* _Problem requirements_:
Set down exactly, from the records below, the line with "using assms(4) by" through the line with "u ^ 3 \<le> u", and nothing else.

* _Recorded data_:
- - - - - - -

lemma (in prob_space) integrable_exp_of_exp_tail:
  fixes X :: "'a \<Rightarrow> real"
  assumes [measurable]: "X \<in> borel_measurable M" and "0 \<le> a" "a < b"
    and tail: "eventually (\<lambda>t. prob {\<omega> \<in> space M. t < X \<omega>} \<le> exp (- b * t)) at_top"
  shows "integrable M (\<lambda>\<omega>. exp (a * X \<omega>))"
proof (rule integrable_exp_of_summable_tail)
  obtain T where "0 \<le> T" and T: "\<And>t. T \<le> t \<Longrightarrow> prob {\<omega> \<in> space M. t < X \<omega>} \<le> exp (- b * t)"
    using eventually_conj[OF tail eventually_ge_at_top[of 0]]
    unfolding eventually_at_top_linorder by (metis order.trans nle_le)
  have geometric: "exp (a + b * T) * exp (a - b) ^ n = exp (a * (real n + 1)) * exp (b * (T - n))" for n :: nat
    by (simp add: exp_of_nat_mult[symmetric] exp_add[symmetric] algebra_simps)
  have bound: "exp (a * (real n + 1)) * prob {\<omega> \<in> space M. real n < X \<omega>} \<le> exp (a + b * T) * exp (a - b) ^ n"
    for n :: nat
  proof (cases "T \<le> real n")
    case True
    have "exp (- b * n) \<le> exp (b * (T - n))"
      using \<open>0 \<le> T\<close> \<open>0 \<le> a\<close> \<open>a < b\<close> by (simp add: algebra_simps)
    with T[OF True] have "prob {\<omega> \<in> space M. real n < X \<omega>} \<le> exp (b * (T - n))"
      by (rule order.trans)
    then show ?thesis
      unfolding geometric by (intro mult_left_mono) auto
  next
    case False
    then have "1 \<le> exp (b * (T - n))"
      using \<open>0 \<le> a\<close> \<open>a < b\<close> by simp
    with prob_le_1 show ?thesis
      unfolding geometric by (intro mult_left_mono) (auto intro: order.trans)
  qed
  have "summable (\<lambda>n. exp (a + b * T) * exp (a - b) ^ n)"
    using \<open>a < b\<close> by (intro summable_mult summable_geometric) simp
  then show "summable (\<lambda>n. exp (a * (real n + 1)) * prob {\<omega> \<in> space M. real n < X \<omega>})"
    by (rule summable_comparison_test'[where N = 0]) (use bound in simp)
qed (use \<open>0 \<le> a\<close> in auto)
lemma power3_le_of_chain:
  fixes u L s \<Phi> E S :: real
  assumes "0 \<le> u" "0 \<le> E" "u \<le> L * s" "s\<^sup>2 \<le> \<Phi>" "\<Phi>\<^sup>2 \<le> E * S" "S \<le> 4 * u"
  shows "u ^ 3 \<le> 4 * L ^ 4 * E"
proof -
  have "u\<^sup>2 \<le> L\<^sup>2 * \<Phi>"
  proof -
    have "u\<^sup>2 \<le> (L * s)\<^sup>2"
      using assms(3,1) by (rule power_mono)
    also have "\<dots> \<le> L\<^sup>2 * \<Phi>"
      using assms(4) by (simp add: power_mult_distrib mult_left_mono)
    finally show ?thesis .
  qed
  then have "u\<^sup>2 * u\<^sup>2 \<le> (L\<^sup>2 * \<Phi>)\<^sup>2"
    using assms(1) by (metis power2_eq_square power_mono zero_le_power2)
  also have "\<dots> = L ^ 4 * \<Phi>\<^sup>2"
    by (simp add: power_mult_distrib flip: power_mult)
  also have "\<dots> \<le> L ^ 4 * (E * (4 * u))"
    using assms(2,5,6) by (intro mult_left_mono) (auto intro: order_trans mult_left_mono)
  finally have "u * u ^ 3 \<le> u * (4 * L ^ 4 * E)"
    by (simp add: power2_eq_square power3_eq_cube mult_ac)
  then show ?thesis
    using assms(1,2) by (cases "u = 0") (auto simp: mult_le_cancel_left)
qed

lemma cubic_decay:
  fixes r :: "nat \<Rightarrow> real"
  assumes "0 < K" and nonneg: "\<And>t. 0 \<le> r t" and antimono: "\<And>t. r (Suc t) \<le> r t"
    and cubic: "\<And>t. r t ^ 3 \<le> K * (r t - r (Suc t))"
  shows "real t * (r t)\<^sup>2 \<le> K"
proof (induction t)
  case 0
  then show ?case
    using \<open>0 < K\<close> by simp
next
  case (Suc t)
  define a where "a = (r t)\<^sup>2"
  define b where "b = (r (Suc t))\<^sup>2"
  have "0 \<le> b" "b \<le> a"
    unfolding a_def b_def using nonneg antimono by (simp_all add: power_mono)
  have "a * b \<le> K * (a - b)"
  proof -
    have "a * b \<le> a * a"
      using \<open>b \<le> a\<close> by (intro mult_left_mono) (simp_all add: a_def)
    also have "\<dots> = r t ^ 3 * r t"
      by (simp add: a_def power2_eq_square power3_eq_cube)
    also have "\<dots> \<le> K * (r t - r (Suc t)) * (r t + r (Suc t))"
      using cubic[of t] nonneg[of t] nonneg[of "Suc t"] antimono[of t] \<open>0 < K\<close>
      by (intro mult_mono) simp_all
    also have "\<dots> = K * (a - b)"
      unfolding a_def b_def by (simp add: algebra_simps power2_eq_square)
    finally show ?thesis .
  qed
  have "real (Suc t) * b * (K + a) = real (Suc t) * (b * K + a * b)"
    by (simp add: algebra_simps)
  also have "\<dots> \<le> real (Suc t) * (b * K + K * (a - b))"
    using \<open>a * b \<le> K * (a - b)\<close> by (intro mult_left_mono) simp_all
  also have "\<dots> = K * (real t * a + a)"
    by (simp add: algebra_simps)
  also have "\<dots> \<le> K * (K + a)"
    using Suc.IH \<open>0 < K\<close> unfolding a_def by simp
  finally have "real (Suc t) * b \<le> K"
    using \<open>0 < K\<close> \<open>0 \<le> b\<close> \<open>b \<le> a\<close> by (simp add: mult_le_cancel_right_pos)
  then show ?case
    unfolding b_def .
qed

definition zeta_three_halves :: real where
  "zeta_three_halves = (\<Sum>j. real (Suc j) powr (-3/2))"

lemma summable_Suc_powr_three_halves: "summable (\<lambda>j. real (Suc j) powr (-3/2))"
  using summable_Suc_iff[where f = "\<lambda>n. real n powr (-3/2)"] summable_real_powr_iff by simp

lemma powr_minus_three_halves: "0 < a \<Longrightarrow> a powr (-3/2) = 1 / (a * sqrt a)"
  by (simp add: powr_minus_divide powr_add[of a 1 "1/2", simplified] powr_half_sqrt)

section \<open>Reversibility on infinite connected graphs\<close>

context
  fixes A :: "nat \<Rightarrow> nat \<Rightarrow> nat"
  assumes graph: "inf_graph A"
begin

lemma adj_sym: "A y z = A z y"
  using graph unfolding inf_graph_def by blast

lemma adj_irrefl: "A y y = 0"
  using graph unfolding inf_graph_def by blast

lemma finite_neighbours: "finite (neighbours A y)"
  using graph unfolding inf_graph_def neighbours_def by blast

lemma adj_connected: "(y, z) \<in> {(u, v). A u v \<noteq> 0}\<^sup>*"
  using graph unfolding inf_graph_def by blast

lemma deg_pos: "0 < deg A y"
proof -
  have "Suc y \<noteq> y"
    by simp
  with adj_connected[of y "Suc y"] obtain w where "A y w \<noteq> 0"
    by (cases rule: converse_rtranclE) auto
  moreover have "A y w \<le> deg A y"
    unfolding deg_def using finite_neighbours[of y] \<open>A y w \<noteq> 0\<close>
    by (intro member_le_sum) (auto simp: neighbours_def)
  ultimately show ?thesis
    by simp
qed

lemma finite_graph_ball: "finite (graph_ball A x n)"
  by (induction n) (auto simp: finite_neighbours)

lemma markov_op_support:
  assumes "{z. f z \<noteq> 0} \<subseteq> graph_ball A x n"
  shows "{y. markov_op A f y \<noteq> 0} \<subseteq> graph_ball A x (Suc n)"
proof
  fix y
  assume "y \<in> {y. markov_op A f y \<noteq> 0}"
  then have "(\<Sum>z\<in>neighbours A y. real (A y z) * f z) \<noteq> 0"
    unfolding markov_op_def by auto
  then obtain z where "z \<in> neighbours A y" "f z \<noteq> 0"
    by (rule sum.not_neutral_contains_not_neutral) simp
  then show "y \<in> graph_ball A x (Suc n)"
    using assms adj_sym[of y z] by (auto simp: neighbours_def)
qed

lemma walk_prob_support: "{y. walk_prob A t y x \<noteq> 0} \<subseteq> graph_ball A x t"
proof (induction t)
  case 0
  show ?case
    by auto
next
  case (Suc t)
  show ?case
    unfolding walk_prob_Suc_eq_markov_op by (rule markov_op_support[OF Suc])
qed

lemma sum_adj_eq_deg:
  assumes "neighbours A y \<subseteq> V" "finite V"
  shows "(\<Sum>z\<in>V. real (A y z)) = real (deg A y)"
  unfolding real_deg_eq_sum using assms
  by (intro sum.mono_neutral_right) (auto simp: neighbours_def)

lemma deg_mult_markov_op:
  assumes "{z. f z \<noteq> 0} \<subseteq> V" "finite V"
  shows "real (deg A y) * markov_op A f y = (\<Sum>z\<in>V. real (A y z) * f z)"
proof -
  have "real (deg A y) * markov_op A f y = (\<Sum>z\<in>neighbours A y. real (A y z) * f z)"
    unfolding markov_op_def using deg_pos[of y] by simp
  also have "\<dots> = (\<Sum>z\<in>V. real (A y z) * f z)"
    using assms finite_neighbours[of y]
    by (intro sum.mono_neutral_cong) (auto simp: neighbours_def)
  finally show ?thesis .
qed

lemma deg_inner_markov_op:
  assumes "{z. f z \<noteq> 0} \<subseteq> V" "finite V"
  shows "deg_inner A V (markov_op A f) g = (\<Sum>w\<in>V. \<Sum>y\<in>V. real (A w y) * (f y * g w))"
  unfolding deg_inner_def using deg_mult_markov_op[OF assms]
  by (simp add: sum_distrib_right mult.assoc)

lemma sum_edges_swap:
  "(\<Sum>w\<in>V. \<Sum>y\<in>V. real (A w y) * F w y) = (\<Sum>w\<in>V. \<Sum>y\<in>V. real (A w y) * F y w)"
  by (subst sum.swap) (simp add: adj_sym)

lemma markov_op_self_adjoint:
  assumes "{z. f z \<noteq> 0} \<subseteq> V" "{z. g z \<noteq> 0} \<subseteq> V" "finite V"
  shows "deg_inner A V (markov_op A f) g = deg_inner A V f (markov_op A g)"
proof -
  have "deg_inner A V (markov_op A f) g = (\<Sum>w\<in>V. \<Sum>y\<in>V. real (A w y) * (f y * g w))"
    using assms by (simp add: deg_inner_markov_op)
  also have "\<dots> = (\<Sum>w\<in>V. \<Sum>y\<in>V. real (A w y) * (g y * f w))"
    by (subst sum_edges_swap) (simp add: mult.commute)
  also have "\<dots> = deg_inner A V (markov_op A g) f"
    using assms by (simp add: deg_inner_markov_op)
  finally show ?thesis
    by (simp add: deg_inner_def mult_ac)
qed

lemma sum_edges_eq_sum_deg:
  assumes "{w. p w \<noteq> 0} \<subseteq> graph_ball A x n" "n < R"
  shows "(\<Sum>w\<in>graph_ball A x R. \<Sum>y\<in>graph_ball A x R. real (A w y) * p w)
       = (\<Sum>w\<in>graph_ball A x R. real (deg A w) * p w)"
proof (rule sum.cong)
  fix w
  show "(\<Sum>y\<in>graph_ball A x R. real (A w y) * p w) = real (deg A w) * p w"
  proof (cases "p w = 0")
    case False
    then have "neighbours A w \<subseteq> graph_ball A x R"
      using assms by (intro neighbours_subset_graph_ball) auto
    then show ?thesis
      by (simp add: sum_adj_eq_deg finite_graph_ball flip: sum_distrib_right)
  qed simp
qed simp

- - - - - - -

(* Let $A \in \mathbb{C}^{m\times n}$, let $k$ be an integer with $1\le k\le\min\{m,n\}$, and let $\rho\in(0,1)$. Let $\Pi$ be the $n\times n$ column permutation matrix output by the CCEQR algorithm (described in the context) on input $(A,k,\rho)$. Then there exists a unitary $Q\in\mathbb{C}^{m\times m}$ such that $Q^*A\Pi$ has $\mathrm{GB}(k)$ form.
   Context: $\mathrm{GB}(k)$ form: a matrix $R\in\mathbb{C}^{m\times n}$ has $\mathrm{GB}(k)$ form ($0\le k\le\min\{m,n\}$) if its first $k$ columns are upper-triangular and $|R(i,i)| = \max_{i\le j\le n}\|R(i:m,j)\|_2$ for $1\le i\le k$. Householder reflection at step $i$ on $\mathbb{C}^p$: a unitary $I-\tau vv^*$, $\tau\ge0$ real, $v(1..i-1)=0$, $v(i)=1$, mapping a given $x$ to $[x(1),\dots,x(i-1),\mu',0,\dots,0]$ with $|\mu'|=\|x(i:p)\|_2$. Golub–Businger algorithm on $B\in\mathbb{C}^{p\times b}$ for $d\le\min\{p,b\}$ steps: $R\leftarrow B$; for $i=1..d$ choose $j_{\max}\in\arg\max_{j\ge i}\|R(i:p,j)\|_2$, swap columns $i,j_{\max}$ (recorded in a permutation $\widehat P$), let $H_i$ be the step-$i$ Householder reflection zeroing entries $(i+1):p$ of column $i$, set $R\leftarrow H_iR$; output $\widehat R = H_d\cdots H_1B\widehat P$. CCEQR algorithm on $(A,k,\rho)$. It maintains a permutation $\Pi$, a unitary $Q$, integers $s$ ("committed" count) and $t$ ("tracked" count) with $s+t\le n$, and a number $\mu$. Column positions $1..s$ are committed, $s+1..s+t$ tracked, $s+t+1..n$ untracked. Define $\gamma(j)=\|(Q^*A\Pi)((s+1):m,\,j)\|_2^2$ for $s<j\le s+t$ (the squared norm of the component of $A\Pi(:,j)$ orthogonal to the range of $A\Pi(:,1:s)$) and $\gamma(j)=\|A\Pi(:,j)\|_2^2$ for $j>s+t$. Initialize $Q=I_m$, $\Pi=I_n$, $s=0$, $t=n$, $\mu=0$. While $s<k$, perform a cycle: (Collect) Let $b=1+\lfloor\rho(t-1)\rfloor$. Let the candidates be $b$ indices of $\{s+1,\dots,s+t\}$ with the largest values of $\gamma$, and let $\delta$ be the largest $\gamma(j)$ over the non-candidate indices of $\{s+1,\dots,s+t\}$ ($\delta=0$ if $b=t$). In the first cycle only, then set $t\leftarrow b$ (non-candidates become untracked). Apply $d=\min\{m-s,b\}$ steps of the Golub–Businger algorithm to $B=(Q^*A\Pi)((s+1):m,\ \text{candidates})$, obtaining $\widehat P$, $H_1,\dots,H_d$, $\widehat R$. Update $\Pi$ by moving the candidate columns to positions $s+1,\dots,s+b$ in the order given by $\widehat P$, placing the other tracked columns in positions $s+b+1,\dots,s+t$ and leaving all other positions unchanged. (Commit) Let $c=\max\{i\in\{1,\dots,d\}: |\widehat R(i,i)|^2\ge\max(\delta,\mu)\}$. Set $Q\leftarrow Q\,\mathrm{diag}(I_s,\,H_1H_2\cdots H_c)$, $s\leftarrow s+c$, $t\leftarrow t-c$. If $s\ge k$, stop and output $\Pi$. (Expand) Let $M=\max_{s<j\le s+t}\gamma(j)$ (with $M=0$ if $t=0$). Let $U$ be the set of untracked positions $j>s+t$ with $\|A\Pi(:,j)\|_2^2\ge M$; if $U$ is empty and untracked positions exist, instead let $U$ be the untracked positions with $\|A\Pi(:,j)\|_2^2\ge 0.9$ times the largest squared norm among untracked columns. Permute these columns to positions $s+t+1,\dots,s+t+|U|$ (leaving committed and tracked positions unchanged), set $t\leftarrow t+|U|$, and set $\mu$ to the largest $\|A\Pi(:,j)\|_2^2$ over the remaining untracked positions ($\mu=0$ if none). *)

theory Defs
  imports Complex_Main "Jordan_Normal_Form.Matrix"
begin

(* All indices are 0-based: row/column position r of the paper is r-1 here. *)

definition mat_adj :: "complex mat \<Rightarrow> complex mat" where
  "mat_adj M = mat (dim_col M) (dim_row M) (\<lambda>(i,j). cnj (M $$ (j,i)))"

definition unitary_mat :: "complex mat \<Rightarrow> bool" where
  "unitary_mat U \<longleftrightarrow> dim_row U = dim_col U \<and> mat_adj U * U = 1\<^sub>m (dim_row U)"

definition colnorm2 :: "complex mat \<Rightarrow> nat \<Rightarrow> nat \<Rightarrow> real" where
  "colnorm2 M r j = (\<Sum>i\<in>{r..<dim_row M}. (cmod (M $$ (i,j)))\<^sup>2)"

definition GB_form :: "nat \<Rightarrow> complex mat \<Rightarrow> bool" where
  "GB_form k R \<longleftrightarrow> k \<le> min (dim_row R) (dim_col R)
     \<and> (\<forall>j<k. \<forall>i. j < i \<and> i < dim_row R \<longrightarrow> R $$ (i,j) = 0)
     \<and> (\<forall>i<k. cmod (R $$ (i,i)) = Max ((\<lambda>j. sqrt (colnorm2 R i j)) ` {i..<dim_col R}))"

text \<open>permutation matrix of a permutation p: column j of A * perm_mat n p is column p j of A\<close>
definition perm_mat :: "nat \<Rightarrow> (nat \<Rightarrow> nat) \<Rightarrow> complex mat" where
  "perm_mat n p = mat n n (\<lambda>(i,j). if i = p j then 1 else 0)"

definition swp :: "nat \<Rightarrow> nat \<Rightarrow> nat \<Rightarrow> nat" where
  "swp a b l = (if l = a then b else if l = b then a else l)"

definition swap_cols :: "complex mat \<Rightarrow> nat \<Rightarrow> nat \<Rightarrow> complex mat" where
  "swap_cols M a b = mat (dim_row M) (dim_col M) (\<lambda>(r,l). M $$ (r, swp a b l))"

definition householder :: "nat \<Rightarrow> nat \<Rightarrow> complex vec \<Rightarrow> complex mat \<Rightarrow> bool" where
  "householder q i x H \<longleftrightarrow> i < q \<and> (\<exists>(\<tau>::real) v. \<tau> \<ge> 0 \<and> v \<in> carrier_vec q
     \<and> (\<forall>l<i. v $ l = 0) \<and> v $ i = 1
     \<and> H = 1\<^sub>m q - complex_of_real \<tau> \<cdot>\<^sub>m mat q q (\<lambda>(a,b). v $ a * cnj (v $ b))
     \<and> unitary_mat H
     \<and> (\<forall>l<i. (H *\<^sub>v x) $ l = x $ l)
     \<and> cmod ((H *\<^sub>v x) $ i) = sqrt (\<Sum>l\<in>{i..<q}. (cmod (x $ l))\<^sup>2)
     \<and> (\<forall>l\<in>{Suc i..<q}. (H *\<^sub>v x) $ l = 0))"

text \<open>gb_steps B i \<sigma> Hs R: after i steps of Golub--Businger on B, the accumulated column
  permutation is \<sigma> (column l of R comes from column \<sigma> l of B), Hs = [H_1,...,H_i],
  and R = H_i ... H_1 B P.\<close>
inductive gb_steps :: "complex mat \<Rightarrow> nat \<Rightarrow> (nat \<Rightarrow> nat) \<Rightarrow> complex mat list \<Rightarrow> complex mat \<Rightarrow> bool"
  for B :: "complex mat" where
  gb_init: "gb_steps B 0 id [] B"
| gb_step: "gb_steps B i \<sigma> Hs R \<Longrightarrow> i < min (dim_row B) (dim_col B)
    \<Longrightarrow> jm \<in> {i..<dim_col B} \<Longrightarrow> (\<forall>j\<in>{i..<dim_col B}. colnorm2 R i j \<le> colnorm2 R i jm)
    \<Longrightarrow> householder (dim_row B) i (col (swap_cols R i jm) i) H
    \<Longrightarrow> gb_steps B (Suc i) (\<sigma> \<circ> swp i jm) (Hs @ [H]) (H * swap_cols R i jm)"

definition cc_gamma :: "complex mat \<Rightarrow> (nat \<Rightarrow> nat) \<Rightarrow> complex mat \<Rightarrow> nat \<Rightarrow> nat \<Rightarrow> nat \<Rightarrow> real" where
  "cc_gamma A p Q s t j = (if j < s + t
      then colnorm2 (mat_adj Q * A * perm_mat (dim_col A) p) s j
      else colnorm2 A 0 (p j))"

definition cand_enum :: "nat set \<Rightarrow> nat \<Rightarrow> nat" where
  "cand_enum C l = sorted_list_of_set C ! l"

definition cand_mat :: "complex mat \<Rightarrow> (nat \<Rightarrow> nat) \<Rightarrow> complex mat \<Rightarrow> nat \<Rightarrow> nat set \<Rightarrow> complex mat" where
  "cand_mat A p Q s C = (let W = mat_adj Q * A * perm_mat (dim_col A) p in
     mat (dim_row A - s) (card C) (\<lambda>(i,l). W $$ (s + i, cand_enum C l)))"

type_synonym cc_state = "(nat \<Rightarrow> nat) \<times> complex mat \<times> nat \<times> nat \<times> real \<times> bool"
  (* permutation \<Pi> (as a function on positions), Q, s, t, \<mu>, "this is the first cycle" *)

- - - - - - -

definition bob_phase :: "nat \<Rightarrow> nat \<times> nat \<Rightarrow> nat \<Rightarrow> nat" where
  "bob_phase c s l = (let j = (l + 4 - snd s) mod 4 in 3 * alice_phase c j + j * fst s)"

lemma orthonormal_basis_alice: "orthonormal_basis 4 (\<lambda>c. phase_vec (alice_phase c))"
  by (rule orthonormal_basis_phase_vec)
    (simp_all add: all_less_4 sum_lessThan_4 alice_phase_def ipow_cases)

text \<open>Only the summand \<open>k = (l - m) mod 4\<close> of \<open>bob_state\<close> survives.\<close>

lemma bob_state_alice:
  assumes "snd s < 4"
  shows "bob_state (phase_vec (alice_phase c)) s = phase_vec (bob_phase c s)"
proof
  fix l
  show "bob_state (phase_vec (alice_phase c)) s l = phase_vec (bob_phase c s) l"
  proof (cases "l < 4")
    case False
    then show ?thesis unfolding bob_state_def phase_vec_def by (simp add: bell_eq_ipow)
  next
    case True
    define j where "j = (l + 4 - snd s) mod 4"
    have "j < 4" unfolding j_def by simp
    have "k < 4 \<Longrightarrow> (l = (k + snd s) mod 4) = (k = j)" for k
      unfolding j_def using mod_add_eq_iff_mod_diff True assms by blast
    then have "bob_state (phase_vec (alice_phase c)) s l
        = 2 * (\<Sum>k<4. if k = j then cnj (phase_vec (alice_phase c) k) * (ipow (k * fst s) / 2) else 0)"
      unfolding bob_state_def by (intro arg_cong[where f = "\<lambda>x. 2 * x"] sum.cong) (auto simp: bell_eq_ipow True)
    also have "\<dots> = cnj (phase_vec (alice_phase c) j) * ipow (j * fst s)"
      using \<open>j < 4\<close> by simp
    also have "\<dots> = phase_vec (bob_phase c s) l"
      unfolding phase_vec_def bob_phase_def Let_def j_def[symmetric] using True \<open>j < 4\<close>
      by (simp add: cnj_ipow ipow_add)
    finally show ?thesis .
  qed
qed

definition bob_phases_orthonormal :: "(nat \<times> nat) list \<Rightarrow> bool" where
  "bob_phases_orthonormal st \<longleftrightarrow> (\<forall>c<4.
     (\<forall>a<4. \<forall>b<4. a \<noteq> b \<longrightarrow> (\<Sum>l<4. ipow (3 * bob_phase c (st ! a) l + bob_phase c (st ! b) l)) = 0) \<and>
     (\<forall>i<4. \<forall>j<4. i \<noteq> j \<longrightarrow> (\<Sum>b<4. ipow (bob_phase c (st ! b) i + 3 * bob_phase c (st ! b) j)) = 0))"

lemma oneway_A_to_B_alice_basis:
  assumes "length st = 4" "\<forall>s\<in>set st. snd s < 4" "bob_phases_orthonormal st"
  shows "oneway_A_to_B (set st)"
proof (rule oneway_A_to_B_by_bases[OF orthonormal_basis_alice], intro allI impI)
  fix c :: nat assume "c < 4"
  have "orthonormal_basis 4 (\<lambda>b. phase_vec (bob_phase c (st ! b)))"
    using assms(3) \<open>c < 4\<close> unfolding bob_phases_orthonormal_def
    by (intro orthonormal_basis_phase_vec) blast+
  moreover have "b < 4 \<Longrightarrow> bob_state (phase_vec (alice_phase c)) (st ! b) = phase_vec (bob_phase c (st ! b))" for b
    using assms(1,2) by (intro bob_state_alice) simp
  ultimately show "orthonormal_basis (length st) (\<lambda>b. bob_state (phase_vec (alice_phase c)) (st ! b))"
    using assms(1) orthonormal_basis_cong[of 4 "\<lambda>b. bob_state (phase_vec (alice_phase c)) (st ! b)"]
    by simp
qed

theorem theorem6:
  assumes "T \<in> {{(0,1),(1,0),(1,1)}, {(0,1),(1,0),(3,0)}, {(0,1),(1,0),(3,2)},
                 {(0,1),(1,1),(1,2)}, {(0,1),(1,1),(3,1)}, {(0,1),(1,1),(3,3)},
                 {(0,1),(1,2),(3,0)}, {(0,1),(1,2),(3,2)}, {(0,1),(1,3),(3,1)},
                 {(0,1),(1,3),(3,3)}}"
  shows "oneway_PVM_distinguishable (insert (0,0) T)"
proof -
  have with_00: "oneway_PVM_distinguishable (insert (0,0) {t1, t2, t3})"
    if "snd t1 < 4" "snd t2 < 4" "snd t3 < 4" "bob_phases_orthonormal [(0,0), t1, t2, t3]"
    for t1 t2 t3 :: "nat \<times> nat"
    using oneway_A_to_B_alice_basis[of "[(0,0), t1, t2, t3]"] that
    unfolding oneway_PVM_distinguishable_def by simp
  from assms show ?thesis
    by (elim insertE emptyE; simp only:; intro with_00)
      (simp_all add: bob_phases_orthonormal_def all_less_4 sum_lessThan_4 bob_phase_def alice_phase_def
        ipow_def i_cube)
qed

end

- - - - - - -

* _The answer_:
      using assms(4) by (simp add: power_mult_distrib mult_left_mono)
    finally show ?thesis .
  qed
  then have "u\<^sup>2 * u\<^sup>2 \<le> (L\<^sup>2 * \<Phi>)\<^sup>2"
    using assms(1) by (metis power2_eq_square power_mono zero_le_power2)
  also have "\<dots> = L ^ 4 * \<Phi>\<^sup>2"
    by (simp add: power_mult_distrib flip: power_mult)
  also have "\<dots> \<le> L ^ 4 * (E * (4 * u))"
    using assms(2,5,6) by (intro mult_left_mono) (auto intro: order_trans mult_left_mono)
  finally have "u * u ^ 3 \<le> u * (4 * L ^ 4 * E)"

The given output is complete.